A new study published in Nature Biotechnology identifies risks in the use of CRISPR gene editing, which is employed in a number of therapies. Looking at its use in T cells, the researchers detected a loss of genetic material in a significant percentage – up to 10% of the treated cells. They explain that such loss can lead to destabilisation of the genome, which might cause cancer.

The study was led by Drs Adi Barzel, Dr Asaf Madi and Dr Uri Ben-David at Tel Aviv University.

Developed about a decade ago, CRISPR cleaves DNA sequences at certain locations in order to delete unwanted segments, or alternately repair or insert beneficial segments. It has already proved impressively effective in treating a range of diseases – cancer, liver diseases, genetic syndromes, and more.
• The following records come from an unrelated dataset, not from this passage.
lemma quadratic_module_qmodule: "quadratic_module (qmodule m g)"
proof
  fix a b assume "a \<in> qmodule m g" "b \<in> qmodule m g"
  then obtain \<sigma> \<tau> where \<sigma>: "\<forall>j\<in>{0..m}. is_sos (\<sigma> j)" "a = \<sigma> 0 + (\<Sum>j=1..m. \<sigma> j * g j)"
    and \<tau>: "\<forall>j\<in>{0..m}. is_sos (\<tau> j)" "b = \<tau> 0 + (\<Sum>j=1..m. \<tau> j * g j)"
    unfolding qmodule_def by blast
  have "(\<Sum>j=1..m. (\<sigma> j + \<tau> j) * g j) = (\<Sum>j=1..m. \<sigma> j * g j) + (\<Sum>j=1..m. \<tau> j * g j)"
    by (simp add: distrib_right sum.distrib)
  then have "a + b = (\<sigma> 0 + \<tau> 0) + (\<Sum>j=1..m. (\<sigma> j + \<tau> j) * g j)"
    by (simp add: \<sigma>(2) \<tau>(2) ac_simps)
  with \<sigma>(1) \<tau>(1) show "a + b \<in> qmodule m g"
    unfolding qmodule_def by (intro CollectI exI[of _ "\<lambda>j. \<sigma> j + \<tau> j"]) (simp add: is_sos_add)
next
  fix s
  show "s * s \<in> qmodule m g"
    unfolding qmodule_def
    by (intro CollectI exI[of _ "\<lambda>j. if j = 0 then s * s else 0"]) (simp add: is_sos_square is_sos_0)
next
  fix s a assume "a \<in> qmodule m g"
  then obtain \<sigma> where \<sigma>: "\<forall>j\<in>{0..m}. is_sos (\<sigma> j)" "a = \<sigma> 0 + (\<Sum>j=1..m. \<sigma> j * g j)"
    unfolding qmodule_def by blast
  have "s * s * a = s * s * \<sigma> 0 + (\<Sum>j=1..m. (s * s * \<sigma> j) * g j)"
    by (simp add: \<sigma>(2) distrib_left sum_distrib_left mult.assoc)
  with \<sigma>(1) show "s * s * a \<in> qmodule m g"
    unfolding qmodule_def
    by (intro CollectI exI[of _ "\<lambda>j. s * s * \<sigma> j"]) (simp add: is_sos_square_mult)
qed

lemma generator_mem_qmodule:
  assumes "j \<in> {1..m}"
  shows "g j \<in> qmodule m g"
proof -
  have "(\<Sum>i=1..m. (if i = j then 1 else 0) * g i) = (\<Sum>i=1..m. if i = j then g i else 0)"
    by (intro sum.cong) auto
  also have "\<dots> = g j"
    using assms by (simp add: sum.delta)
  finally have "(\<Sum>i=1..m. (if i = j then 1 else 0) * g i) = g j" .
  with assms show ?thesis
    unfolding qmodule_def
    by (intro CollectI exI[of _ "\<lambda>i. if i = j then 1 else 0"]) (auto simp: is_sos_1 is_sos_0)
qed

lemma qmodule_k_mono:
  assumes "k \<le> k'"
  shows "qmodule_k m g k \<subseteq> qmodule_k m g k'"
proof
  fix f assume "f \<in> qmodule_k m g k"
  then obtain \<sigma> where \<sigma>: "\<forall>j\<in>{0..m}. is_sos (\<sigma> j)" "mdeg (\<sigma> 0) \<le> 2 * k"
     "\<forall>j\<in>{1..m}. mdeg (\<sigma> j * g j) \<le> 2 * k" "f = \<sigma> 0 + (\<Sum>j=1..m. \<sigma> j * g j)"
    unfolding qmodule_k_def by blast
  have "2 * k \<le> 2 * k'"
    using assms by simp
  then have "mdeg (\<sigma> 0) \<le> 2 * k'" "\<forall>j\<in>{1..m}. mdeg (\<sigma> j * g j) \<le> 2 * k'"
    using \<sigma>(2,3) le_trans by blast+
  with \<sigma>(1,4) show "f \<in> qmodule_k m g k'"
    unfolding qmodule_k_def by blast
qed

lemma eventually_mem_qmodule_k:
  assumes "f \<in> qmodule m g"
  shows "eventually (\<lambda>k. f \<in> qmodule_k m g k) sequentially"
proof -
  obtain \<sigma> where \<sigma>: "\<forall>j\<in>{0..m}. is_sos (\<sigma> j)" "f = \<sigma> 0 + (\<Sum>j=1..m. \<sigma> j * g j)"
    using assms unfolding qmodule_def by blast
  define D where "D = mdeg (\<sigma> 0) + (\<Sum>j=1..m. mdeg (\<sigma> j * g j))"
  have "mdeg (\<sigma> j * g j) \<le> D" if "j \<in> {1..m}" for j
    unfolding D_def using that by (intro trans_le_add2 member_le_sum) auto
  moreover have "mdeg (\<sigma> 0) \<le> D"
    unfolding D_def by simp
  ultimately have "mdeg (\<sigma> 0) \<le> 2 * k" "\<forall>j\<in>{1..m}. mdeg (\<sigma> j * g j) \<le> 2 * k" if "D \<le> k" for k
    using that by (auto intro: le_trans[of _ D "2 * k"])
  with \<sigma> have "f \<in> qmodule_k m g k" if "D \<le> k" for k
    using that unfolding qmodule_k_def by blast
  then show ?thesis
    unfolding eventually_sequentially by blast
qed

lemma meval_nonneg_if_mem_qmodule_k:
  assumes "f \<in> qmodule_k m g k" "x \<in> semialg m g"
  shows "meval f x \<ge> 0"
proof -
  obtain \<sigma> where \<sigma>: "\<forall>j\<in>{0..m}. is_sos (\<sigma> j)" "f = \<sigma> 0 + (\<Sum>j=1..m. \<sigma> j * g j)"
    using assms(1) unfolding qmodule_k_def by blast
  have "meval f x = meval (\<sigma> 0) x + (\<Sum>j=1..m. meval (\<sigma> j) x * meval (g j) x)"
    by (simp add: \<sigma>(2))
  also have "\<dots> \<ge> 0"
    using \<sigma>(1) assms(2) unfolding semialg_def
    by (intro add_nonneg_nonneg sum_nonneg mult_nonneg_nonneg) (auto intro: is_sos_meval_nonneg)
  finally show ?thesis .
qed

section \<open>Archimedean quadratic modules\<close>

locale archimedean_qm = quadratic_module +
  assumes bounded_above: "\<exists>B. mconst B - a \<in> M"
begin

lemma bounded_above_ge: "\<exists>B\<ge>c. mconst B - a \<in> M"
proof -
  obtain B where "mconst B - a \<in> M"
    using bounded_above by blast
  then have "mconst B - a + mconst (max B c - B) \<in> M"
    by (intro add_mconst_mem) auto
  moreover have "mconst B - a + mconst (max B c - B) = mconst (max B c) - a"
    by (simp add: mconst_diff)
  ultimately show ?thesis
    by (intro exI[of _ "max B c"]) auto
qed

end

lemma archimedean_qmI:
  fixes M :: "'n::finite mpoly set"
  assumes M: "quadratic_module M" and "c > 0" and c: "mconst c - (\<Sum>i\<in>UNIV. mvar i * mvar i) \<in> M"
  shows "archimedean_qm M"
proof -
  interpret quadratic_module M by (fact M)
  have square_bounded: "\<exists>B\<ge>0. mconst B - p * p \<in> M" for p
  proof (induction p rule: mpoly_induct)
    case (const a)
    show ?case
      by (intro exI[of _ "a * a"]) (simp add: mconst_mult zero_mem)
  next
    case (var i)
    have "(\<Sum>j\<in>UNIV. mvar j * mvar j) = mvar i * mvar i + (\<Sum>j\<in>UNIV - {i}. mvar j * mvar j)"
      by (simp add: sum.remove)
    then have "mconst c - mvar i * mvar i = (mconst c - (\<Sum>j\<in>UNIV. mvar j * mvar j)) + (\<Sum>j\<in>UNIV - {i}. mvar j * mvar j)"
      by simp
    also have "\<dots> \<in> M"
      by (intro add_mem c sum_mem square_mem)
    finally show ?case
      using \<open>c > 0\<close> by (intro exI[of _ c]) auto
  next
    case (add p q)
    then obtain B C where BC: "B \<ge> 0" "C \<ge> 0" "mconst B - p * p \<in> M" "mconst C - q * q \<in> M"
      by blast
    have "mconst (B + B + C + C) - (p + q) * (p + q) =
        (mconst B - p * p) + (mconst B - p * p) + (mconst C - q * q) + (mconst C - q * q) + (p - q) * (p - q)"
      unfolding mconst_add by (simp add: algebra_simps)
    also have "\<dots> \<in> M"
      using BC by (intro add_mem square_mem)
    finally show ?case
      using BC by (intro exI[of _ "B + B + C + C"]) auto
  next
    case (mult p q)
    then obtain B C where "B \<ge> 0" "C \<ge> 0" "mconst B - p * p \<in> M" "mconst C - q * q \<in> M"
      by blast
    moreover have "mconst (B * C) - (p * q) * (p * q) = mconst C * (mconst B - p * p) + p * p * (mconst C - q * q)"
      by (simp add: mconst_mult algebra_simps)
    ultimately show ?case
      by (intro exI[of _ "B * C"]) (auto intro!: add_mem mconst_mult_mem square_mult_mem)
  qed
  show ?thesis
  proof
    fix a
    obtain B where B: "mconst B - a * a \<in> M"
      using square_bounded by blast
    let ?h = "mconst (1 / 2)"
    have "?h * ((1 - a) * (1 - a) + (mconst B - a * a)) = ?h * (1 + mconst B) - (?h + ?h) * a"
      by (simp add: algebra_simps)
    also have "\<dots> = mconst ((B + 1) / 2) - a"
      unfolding mconst_1[symmetric] mconst_add[symmetric] mconst_mult[symmetric] by (simp add: mconst_1 add.commute)
    finally have "mconst ((B + 1) / 2) - a = ?h * ((1 - a) * (1 - a) + (mconst B - a * a))" ..
    also have "\<dots> \<in> M"
      using B by (intro mconst_mult_mem add_mem square_mem) auto
    finally show "\<exists>B. mconst B - a \<in> M" ..
  qed
qed

lemma (in quadratic_module) add_mconst_mem_decrement:
  assumes t: "is_sos t" "f * t - 1 \<in> M" "l > 0" "mconst l - t \<in> M"
    and u: "r \<ge> 0" "f + mconst r \<in> M" "mconst s - (f + mconst r) \<in> M" and "s > 0"
  shows "f + mconst (r - 1 / (l * l * s)) \<in> M"
proof -
  define \<delta> where "\<delta> = 1 / (l * l * s)"
  have "\<delta> > 0" and \<delta>: "\<delta> * s * l * l = 1"
    using t(3) \<open>s > 0\<close> by (simp_all add: \<delta>_def)
  let ?d = "mconst \<delta>" and ?u = "f + mconst r"
  have "mconst (l * l) - t * t = (mconst l + t) * (mconst l - t)"
    by (simp add: mconst_mult algebra_simps)
  also have "\<dots> \<in> M"
    using t by (intro sos_mult_mem is_sos_add is_sos_mconst) auto
  finally have "mconst (\<delta> * \<delta> * s) * (mconst (l * l) - t * t) \<in> M"
    using \<open>s > 0\<close> by (intro mconst_mult_mem) auto
  then have 5: "?d * ?d * mconst s * (mconst l * mconst l - t * t) \<in> M"
    by (simp only: mconst_mult)
  have "mconst (\<delta> + \<delta>) * (f * t - 1) \<in> M"
    using t(2) \<open>\<delta> > 0\<close> by (intro mconst_mult_mem) auto
  then have 1: "(?d + ?d) * (f * t - 1) \<in> M"
    by (simp only: mconst_add)
  have "mconst ((\<delta> + \<delta>) * r) * t \<in> M"
    using t(1) u(1) \<open>\<delta> > 0\<close> by (intro mconst_mult_mem[OF _ sos_mem]) auto
  then have 2: "(?d + ?d) * mconst r * t \<in> M"
    by (simp only: mconst_add mconst_mult)
  have 3: "(1 - ?d * t) * (1 - ?d * t) * ?u \<in> M" and 4: "(?d * t) * (?d * t) * (mconst s - ?u) \<in> M"
    using u by (auto intro: square_mult_mem)
  have "(?d + ?d) * (f * t - 1) + (?d + ?d) * mconst r * t + (1 - ?d * t) * (1 - ?d * t) * ?u
      + (?d * t) * (?d * t) * (mconst s - ?u) + ?d * ?d * mconst s * (mconst l * mconst l - t * t) \<in> M"
    by (intro add_mem 1 2 3 4 5)
  also have "(?d + ?d) * (f * t - 1) + (?d + ?d) * mconst r * t + (1 - ?d * t) * (1 - ?d * t) * ?u
      + (?d * t) * (?d * t) * (mconst s - ?u) + ?d * ?d * mconst s * (mconst l * mconst l - t * t)
      = ?u - ?d - ?d + ?d * (?d * mconst s * mconst l * mconst l)"
    by (simp add: algebra_simps)
  also have "\<dots> = f + mconst (r - \<delta>)"
    using \<delta> by (simp add: mconst_1 mconst_diff flip: mconst_mult)
  finally show ?thesis
    unfolding \<delta>_def .
qed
In 2020 at the University of Pennsylvania, the first approved clinical trial ever to use CRISPR took T cells from a donor, and expressed an engineered receptor targeting cancer cells, while using CRISPR to destroy genes coding for the original receptor – which otherwise might have caused the T cells to attack cells in the recipient’s body. 

In the present study, the researchers sought to examine whether the potential benefits of CRISPR therapeutics might be offset by risks resulting from the cleavage itself, assuming that broken DNA is not always able to recover.
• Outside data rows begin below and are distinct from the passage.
(* Let $\alpha>-1$ and let $\phi(w)=aw+b$ with $a>0$ and $\mathrm{Re}(b)\ge 0$. Then $C_\phi$ is a normal operator on $\mathcal{A}^2_\alpha(\mathbb{C}_+)$ if and only if $a=1$ or $\mathrm{Re}(b)=0$.
   Context: $\mathbb{C}_+=\{z\in\mathbb{C}:\mathrm{Re}(z)>0\}$. For $\alpha>-1$, $\mathcal{A}^2_\alpha(\mathbb{C}_+)$ is the Hilbert space of analytic $f:\mathbb{C}_+\to\mathbb{C}$ with $\|f\|^2=\frac{1}{\pi}\int_{-\infty}^{\infty}\int_0^\infty |f(x+iy)|^2x^\alpha\,dx\,dy<\infty$. $C_\phi f=f\circ\phi$ is the (bounded) composition operator. *)

theory Defs
  imports "HOL-Analysis.Analysis"
begin

definition RHP :: "complex set" where
  "RHP = {z. Re z > 0}"

text \<open>Two functions agreeing on C_+ represent
  the same element.\<close>
definition bergman_space :: "real \<Rightarrow> (complex \<Rightarrow> complex) set" where
  "bergman_space \<alpha> = {f. f holomorphic_on RHP \<and>
      set_integrable lborel RHP (\<lambda>z. (cmod (f z))\<^sup>2 * Re z powr \<alpha>)}"

definition bergman_inner :: "real \<Rightarrow> (complex \<Rightarrow> complex) \<Rightarrow> (complex \<Rightarrow> complex) \<Rightarrow> complex" where
  "bergman_inner \<alpha> f g =
     (1 / pi) * (LINT z:RHP|lborel. f z * cnj (g z) * complex_of_real (Re z powr \<alpha>))"

definition comp_op :: "(complex \<Rightarrow> complex) \<Rightarrow> (complex \<Rightarrow> complex) \<Rightarrow> (complex \<Rightarrow> complex)" where
  "comp_op \<phi> f = f \<circ> \<phi>"

definition is_adjoint_on :: "real \<Rightarrow> ((complex \<Rightarrow> complex) \<Rightarrow> (complex \<Rightarrow> complex))
    \<Rightarrow> ((complex \<Rightarrow> complex) \<Rightarrow> (complex \<Rightarrow> complex)) \<Rightarrow> bool" where
  "is_adjoint_on \<alpha> T S \<longleftrightarrow>
     (\<forall>g\<in>bergman_space \<alpha>. S g \<in> bergman_space \<alpha>) \<and>
     (\<forall>f\<in>bergman_space \<alpha>. \<forall>g\<in>bergman_space \<alpha>.
        bergman_inner \<alpha> (T f) g = bergman_inner \<alpha> f (S g))"

definition normal_op_on :: "real \<Rightarrow> ((complex \<Rightarrow> complex) \<Rightarrow> (complex \<Rightarrow> complex)) \<Rightarrow> bool" where
  "normal_op_on \<alpha> T \<longleftrightarrow>
     (\<forall>f\<in>bergman_space \<alpha>. T f \<in> bergman_space \<alpha>) \<and>
     (\<exists>S. is_adjoint_on \<alpha> T S \<and>
        (\<forall>f\<in>bergman_space \<alpha>. \<forall>z\<in>RHP. T (S f) z = S (T f) z))"

end

(*
  For phi(w) = a w + b the adjoint of C_phi is explicit:
  C_phi^* g (z) = a^(-2-alpha) g ((z + cnj b) / a).  Dilations and imaginary translations act on
  the space by a change of variables.  A translation by a real r > 0 is handled on vertical lines:
  for f, g holomorphic on C_+ the pairing integral f (p + iy) * cnj (g (sigma - p + iy)) dy does
  not depend on p, by Cauchy's theorem on strips applied to the holomorphic function
  z |-> f z * cnj (g (sigma - cnj z)).  With sigma = 2x + r this gives <f (. + r), g> =
  <f, g (. + r)>; with f = g it gives midpoint convexity of p |-> integral |f (p + iy)|^2 dy,
  which shows that translation maps the space into itself.

  Consequently C_phi C_phi^* f (z) = a^(-2-alpha) f (z + 2 Re b / a) and
  C_phi^* C_phi f (z) = a^(-2-alpha) f (z + 2 Re b).  These agree when a = 1 or Re b = 0;
  otherwise they differ on f (w) = (w + 1)^(-n), and since an adjoint is unique (<h, h> = 0
  forces h = 0 on C_+) no adjoint commutes with C_phi.
*)

theory Submission
  imports Defs "HOL-Complex_Analysis.Complex_Analysis" "HOL-Probability.Sinc_Integral"
begin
Dr Ben-David and his research associate Eli Reuveni explained: “The genome in our cells often breaks due to natural causes, but usually it is able to repair itself, with no harm done. Still, sometimes a certain chromosome is unable to bounce back, and large sections, or even the entire chromosome, are lost. Such chromosomal disruptions can destabilise the genome, and we often see this in cancer cells. Thus, CRISPR therapeutics, in which DNA is cleaved intentionally as a means for treating cancer, might, in extreme scenarios, actually promote malignancies.”
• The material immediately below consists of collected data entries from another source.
lemma abs_char_unif_le_inverse:
  assumes "m \<ge> 1" "0 < d" "d \<le> 1 / 2"
  shows "\<bar>char_unif m d\<bar> \<le> 2 / (7 * real m * d)"
proof -
  have "7 * d / 4 \<le> 7 * (pi * d) / 12"
    using pi_approx assms by (simp add: field_simps)
  also have "\<dots> \<le> sin (pi * d)"
    using assms by (intro sin_ge_7_12) auto
  finally have sin_ge: "7 * d / 4 \<le> sin (pi * d)" .
  then have sin_pos: "0 < sin (pi * d)"
    using assms by linarith
  have "(2 * real m + 1) * \<bar>char_unif m d\<bar> * sin (pi * d) = \<bar>(2 * real m + 1) * char_unif m d * sin (pi * d)\<bar>"
    using sin_pos by (simp add: abs_mult)
  also have "\<dots> = \<bar>sin ((2 * real m + 1) * (pi * d))\<bar>"
    by (simp only: char_unif_mult_sin)
  also have "\<dots> \<le> 1"
    by simp
  finally have "(2 * real m + 1) * \<bar>char_unif m d\<bar> \<le> 1 / sin (pi * d)"
    using sin_pos by (simp add: field_simps)
  also have "\<dots> \<le> 4 / (7 * d)"
    using sin_ge assms by (simp add: field_simps)
  finally have "(2 * real m + 1) * \<bar>char_unif m d\<bar> \<le> 4 / (7 * d)" .
  moreover have "2 * real m * \<bar>char_unif m d\<bar> \<le> (2 * real m + 1) * \<bar>char_unif m d\<bar>"
    by (intro mult_right_mono) auto
  ultimately have "real m * \<bar>char_unif m d\<bar> \<le> 2 / (7 * d)"
    by simp
  then show ?thesis
    using assms by (simp add: field_simps)
qed

lemma abs_char_unif_le_of_frac_part:
  assumes "m \<ge> 1" "0 < s" "s \<le> \<bar>frac_part \<theta>\<bar>"
  shows "\<bar>char_unif m \<theta>\<bar> \<le> 2 / (7 * real m * s)"
proof -
  have "\<bar>char_unif m \<theta>\<bar> \<le> 2 / (7 * real m * \<bar>frac_part \<theta>\<bar>)"
    using assms abs_frac_part_le by (subst char_unif_abs_frac_part) (intro abs_char_unif_le_inverse, auto)
  also have "\<dots> \<le> 2 / (7 * real m * s)"
    using assms by (intro divide_left_mono mult_left_mono) auto
  finally show ?thesis .
qed

lemma char_unif_le_quadratic:
  assumes "m \<ge> 1" "0 \<le> d" "real m * d \<le> 1 / 2"
  shows "char_unif m d \<le> 1 - 2 * (real m * d)\<^sup>2"
proof -
  have cos_le: "cos (2 * pi * d * of_int b) \<le> 1 - 49 / 288 * (2 * pi * d * of_int b)\<^sup>2"
    if "b \<in> {- int m..int m}" for b
  proof (rule cos_le_1_minus_quadratic)
    have "\<bar>of_int b\<bar> \<le> real m"
      using that by auto
    then have "\<bar>2 * pi * d * of_int b\<bar> \<le> 2 * pi * d * real m"
      using assms by (simp add: abs_mult mult_left_mono)
    also have "\<dots> \<le> pi"
      using assms by (simp add: field_simps)
    finally show "\<bar>2 * pi * d * of_int b\<bar> \<le> pi" .
  qed
  have "(2 * real m + 1) * char_unif m d = (\<Sum>b\<in>{- int m..int m}. cos (2 * pi * d * of_int b))"
    unfolding char_unif_def by simp
  also have "\<dots> \<le> (\<Sum>b\<in>{- int m..int m}. 1 - 49 / 288 * (2 * pi * d * of_int b)\<^sup>2)"
    using cos_le by (intro sum_mono) auto
  also have "\<dots> = (2 * real m + 1) - 49 / 72 * pi\<^sup>2 * d\<^sup>2 * (\<Sum>b\<in>{- int m..int m}. (of_int b)\<^sup>2)"
    by (simp add: sum_subtractf sum_distrib_left power_mult_distrib algebra_simps)
  also have "\<dots> = (2 * real m + 1) * (1 - 49 / 216 * pi\<^sup>2 * d\<^sup>2 * (real m * (real m + 1)))"
    by (simp add: sum_squares_symmetric algebra_simps)
  also have "\<dots> \<le> (2 * real m + 1) * (1 - 2 * (real m * d)\<^sup>2)"
  proof (rule mult_left_mono)
    have "9 \<le> pi\<^sup>2"
      using pi_approx power_mono[of 3 pi 2] by simp
    then have "2 * (d\<^sup>2 * (real m * real m)) \<le> 49 / 216 * pi\<^sup>2 * (d\<^sup>2 * (real m * (real m + 1)))"
      by (intro mult_mono) (auto simp: mult_left_mono)
    then show "1 - 49 / 216 * pi\<^sup>2 * d\<^sup>2 * (real m * (real m + 1)) \<le> 1 - 2 * (real m * d)\<^sup>2"
      by (simp add: power2_eq_square algebra_simps)
  qed simp
  finally show ?thesis
    by (simp add: add_pos_nonneg)
qed

lemma char_unif_ge_neg_third:
  assumes "m \<ge> 1" "0 < d" "real m * d \<le> 1 / 2"
  shows "- 1 / 3 \<le> char_unif m d"
proof -
  let ?u = "pi * d"
  have "1 * d \<le> real m * d"
    using assms by (intro mult_right_mono) auto
  then have "d \<le> 1 / 2"
    using assms by linarith
  then have u: "0 < ?u" "?u \<le> pi / 2"
    using assms by auto
  then have sin_pos: "0 < sin ?u"
    by (intro sin_gt_zero) auto
  have mu: "2 * real m * ?u \<le> pi"
    using assms by (simp add: field_simps)
  have "- sin ?u \<le> sin ((2 * real m + 1) * ?u)"
  proof (cases "(2 * real m + 1) * ?u \<le> pi")
    case True
    then show ?thesis
      using sin_ge_zero[of "(2 * real m + 1) * ?u"] sin_pos u by simp
  next
    case False
    define w where "w = (2 * real m + 1) * ?u - pi"
    have "0 \<le> w" "w \<le> ?u"
      using False mu unfolding w_def by (auto simp: algebra_simps)
    then have "sin w \<le> sin ?u"
      using u pi_gt_zero by (intro sin_monotone_2pi_le; linarith)
    moreover have "sin ((2 * real m + 1) * ?u) = - sin w"
      unfolding w_def by (simp add: sin_diff)
    ultimately show ?thesis
      by simp
  qed
  then have "- 1 \<le> (2 * real m + 1) * char_unif m d"
    using char_unif_mult_sin[of m d] sin_pos
    by (metis minus_mult_left mult_cancel_right1 mult_le_cancel_right_pos)
  then have "- 1 / (2 * real m + 1) \<le> char_unif m d"
    by (simp add: field_simps)
  moreover have "- 1 / 3 \<le> - 1 / (2 * real m + 1)"
    using assms by (simp add: field_simps)
  ultimately show ?thesis
    by linarith
qed

lemma char_unif_sq_le:
  assumes "m \<ge> 1" "\<bar>y\<bar> \<le> 1 / 2"
  shows "(char_unif m y)\<^sup>2 \<le> 1 / (1 + (real m * y)\<^sup>2)"
proof -
  define d where "d = \<bar>y\<bar>"
  have "char_unif m y = char_unif m d" "(real m * y)\<^sup>2 = (real m * d)\<^sup>2"
    unfolding d_def by (cases "0 \<le> y"; simp add: char_unif_minus power_mult_distrib)+
  moreover have "(char_unif m d)\<^sup>2 \<le> 1 / (1 + (real m * d)\<^sup>2)"
  proof (cases "real m * d \<le> 1 / 2")
    case True
    have "(real m * d)\<^sup>2 \<le> (1 / 2)\<^sup>2"
      using True by (intro power_mono) (auto simp: d_def)
    then have "(real m * d)\<^sup>2 \<le> 1 / 4"
      by (simp add: power2_eq_square)
    moreover have "- 1 / 3 \<le> char_unif m d"
      using char_unif_ge_neg_third[OF assms(1) _ True] unfolding d_def
      by (cases "y = 0") (auto simp: char_unif_def)
    moreover have "char_unif m d \<le> 1 - 2 * (real m * d)\<^sup>2"
      using char_unif_le_quadratic[OF assms(1) _ True] unfolding d_def by simp
    ultimately have "(char_unif m d)\<^sup>2 \<le> (1 - 2 * (real m * d)\<^sup>2)\<^sup>2"
      by (intro power2_le_iff_abs_le[THEN iffD2]) auto
    also have "\<dots> \<le> 1 / (1 + (real m * d)\<^sup>2)"
      using \<open>(real m * d)\<^sup>2 \<le> 1 / 4\<close> by (intro sq_one_minus_twice_le) auto
    finally show ?thesis .
  next
    case False
    then have "0 < d"
      unfolding d_def by (cases "y = 0") auto
    then have "\<bar>char_unif m d\<bar> \<le> 2 / (7 * (real m * d))"
      using abs_char_unif_le_inverse[OF assms(1)] assms unfolding d_def by (simp add: mult.assoc)
    then have "(char_unif m d)\<^sup>2 \<le> (2 / (7 * (real m * d)))\<^sup>2"
      by (metis abs_ge_zero power2_abs power_mono)
    also have "\<dots> \<le> 1 / (1 + (real m * d)\<^sup>2)"
      using False by (intro sq_two_sevenths_div_le) auto
    finally show ?thesis .
  qed
  ultimately show ?thesis
    by simp
qed

definition grid :: "nat \<Rightarrow> real set" where
  "grid m = {real_of_int a / real m | a. a \<in> {- int m..int m}}"

lemma grid_eq_image: "grid m = (\<lambda>b. real_of_int b / real m) ` {- int m..int m}"
  unfolding grid_def by auto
To examine the extent of potential damage, the researchers repeated the 2020 Pennsylvania experiment, cleaving the T cells’ genome in exactly the same locations – chromosomes 2, 7, and 14. Using single-cell RNA sequencing, they analysed each cell separately and measured the expression levels of each chromosome in every cell.

They detected a significant loss of genetic material in some of the cells. For example, when chromosome 14 had been cleaved, about 5% of the cells showed little or no expression of this chromosome. When all chromosomes were cleaved simultaneously, the damage increased, with 9%, 10%, and 3% of the cells unable to repair the break in chromosomes 14, 7, and 2 respectively. The three chromosomes did differ, however, in the extent of the damage they sustained. 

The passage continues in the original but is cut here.